После завтрака брат Питер спросил Джефа: — Сынок, можешь ты поработать за Гидеона?

— Могу, — кивнул Джеф.

Гидеон и брат Питер пошли к закрому для кукурузы и сели наземь, прислонившись спиной к дощатой стенке, вытянув ноги. Здесь их пригревало солнце, а из долины веял прохладный утренний ветер. Подошла собака и легла рядом. Оба сорвали по травинке и принялись их жевать.

— Когда думаешь итти, Гидеон? — спросил брат Питер.

— В Чарльстон?

— Угу.

Прошло немало времени, а Гидеон все не мог собраться ответить. Брат Питер сказал: — Почему боишься?

Откуда взял, что боюсь?

— Слушай, Гидеон, ты и я, мы давно знаем друг друга. На пасху тебе тридцать шесть лет. Почему я помню? Вот почему. Твоей маме пришла пора, она легла на спину, ты у ней в животе, она кричит: «Господи боже, Иисусе Христе, помираю». Мне тогда — четырнадцать лет. Твой отец говорит: «Питер, беги, скажи хозяину, Софи помирает». Я побежал, а старый Джим Блейк, надсмотрщик, говорит: «Все негритянки, как рожать, так кричат — помираю. Доктора? Еще чего!» Бабка Анна, повитуха, она трое суток возле твоей мамы, потом ты родился, но твоя мать умерла. Тогда Джим Блэйк порет меня плетью и божится мистеру Карвелу, я ему ничего не говорил. Вот почему я помню, когда ты родился. Я помню, мы с тобой работали в зной на хлопковых полях. Я помню, мы с тобой толковали — зачем негру жить. Ты сказал: «Я убью себя, лучше заснуть навек, чем такая жизнь». И это я, Гидеон, это я, благодарение богу, вразумил тебя, какой это страшный грех. Когда ты уходил драться вместе с янки, к кому ты пришел?

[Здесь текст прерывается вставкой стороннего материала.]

lemma ideal_colon_e:
  assumes n: "submodule_elem R madd sm n"
  shows "ideal (colon_e R sm n) R"
proof -
  have nn: "madd n n \<le> n" and rn: "\<And>r. r \<in> carrier R \<Longrightarrow> sm r n \<le> n"
    using n unfolding submodule_elem_def by auto
  have l_closed: "x \<otimes> a \<in> colon_e R sm n" if "a \<in> colon_e R sm n" "x \<in> carrier R" for a x
  proof -
    have a: "a \<in> carrier R" "sm a e \<le> n" using that unfolding colon_e_def by auto
    have "sm (x \<otimes> a) e = sm x (sm a e)" using sm_mult a that by simp
    also have "\<dots> \<le> sm x n" using sm_mono a that by simp
    also have "\<dots> \<le> n" using rn that by simp
    finally show ?thesis using a that unfolding colon_e_def by simp
  qed
  have add_closed: "a \<oplus> b \<in> colon_e R sm n"
    if "a \<in> colon_e R sm n" "b \<in> colon_e R sm n" for a b
  proof -
    have ab: "a \<in> carrier R" "sm a e \<le> n" "b \<in> carrier R" "sm b e \<le> n"
      using that unfolding colon_e_def by auto
    have "sm (a \<oplus> b) e \<le> madd (sm a e) (sm b e)" using sm_add_le ab by simp
    also have "\<dots> \<le> madd n n" using madd_mono ab by simp
    also have "\<dots> \<le> n" by (rule nn)
    finally show ?thesis using ab unfolding colon_e_def by simp
  qed
  have sub: "colon_e R sm n \<subseteq> carrier R" unfolding colon_e_def by auto
  have zero: "\<zero> \<in> colon_e R sm n"
    unfolding colon_e_def using sm_zero z_le_submodule_elem[OF n] by simp
  have inv: "\<ominus> a \<in> colon_e R sm n" if "a \<in> colon_e R sm n" for a
    using l_closed[OF that, of "\<ominus> \<one>"] that sub by (auto simp: l_minus)
  show ?thesis
  proof (rule idealI)
    show "subgroup (colon_e R sm n) (add_monoid R)"
      by (rule subgroup.intro) (use sub zero inv add_closed in \<open>auto simp: a_inv_def[symmetric]\<close>)
    show "x \<otimes> a \<in> colon_e R sm n" if "a \<in> colon_e R sm n" "x \<in> carrier R" for a x
      using l_closed that .
    show "a \<otimes> x \<in> colon_e R sm n" if "a \<in> colon_e R sm n" "x \<in> carrier R" for a x
      using l_closed[OF that] that sub m_comm by (metis subsetD)
  qed (rule ring_axioms)
qed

— К тебе, — кивнул Гидеон.

— Ты сказал: «Береги Рэчел, береги детей». Я сберег.

— Угу.

— А теперь встаешь на дыбы, как мул, когда я говорю — ты боишься.

— Ты говоришь — иди в Чарльстон, — вдруг заговорилГидеон. — Я простой негр, не умею, писать не умею, только свое имя. А ты говоришь — иди в Чарльстон, в конвент. Иди в город, где полно белых домов — больших домов, вон как этот; иди в город, где полно белых людей, — и все смеются над глупым негром.

Рисуя пальцем в пыли перед собой, брат Питер кротко сказал:

— Ты уже был в Чарльстоне. Как ты пришел туда первый раз?

— Вместе с янки, — сказал Гидеон, погружаясь в воспоминания. — В синем мундире, ружье в руках, десять тысяч солдат со мной, все поют аллилуйя.

— Тогда ты не боялся. Сейчас боишься, потому что один, нет синего мундира, нет ружья, нет аллилуйя, только

рука закона говорит глупому черному негру: «Дитя мое, ты свободен».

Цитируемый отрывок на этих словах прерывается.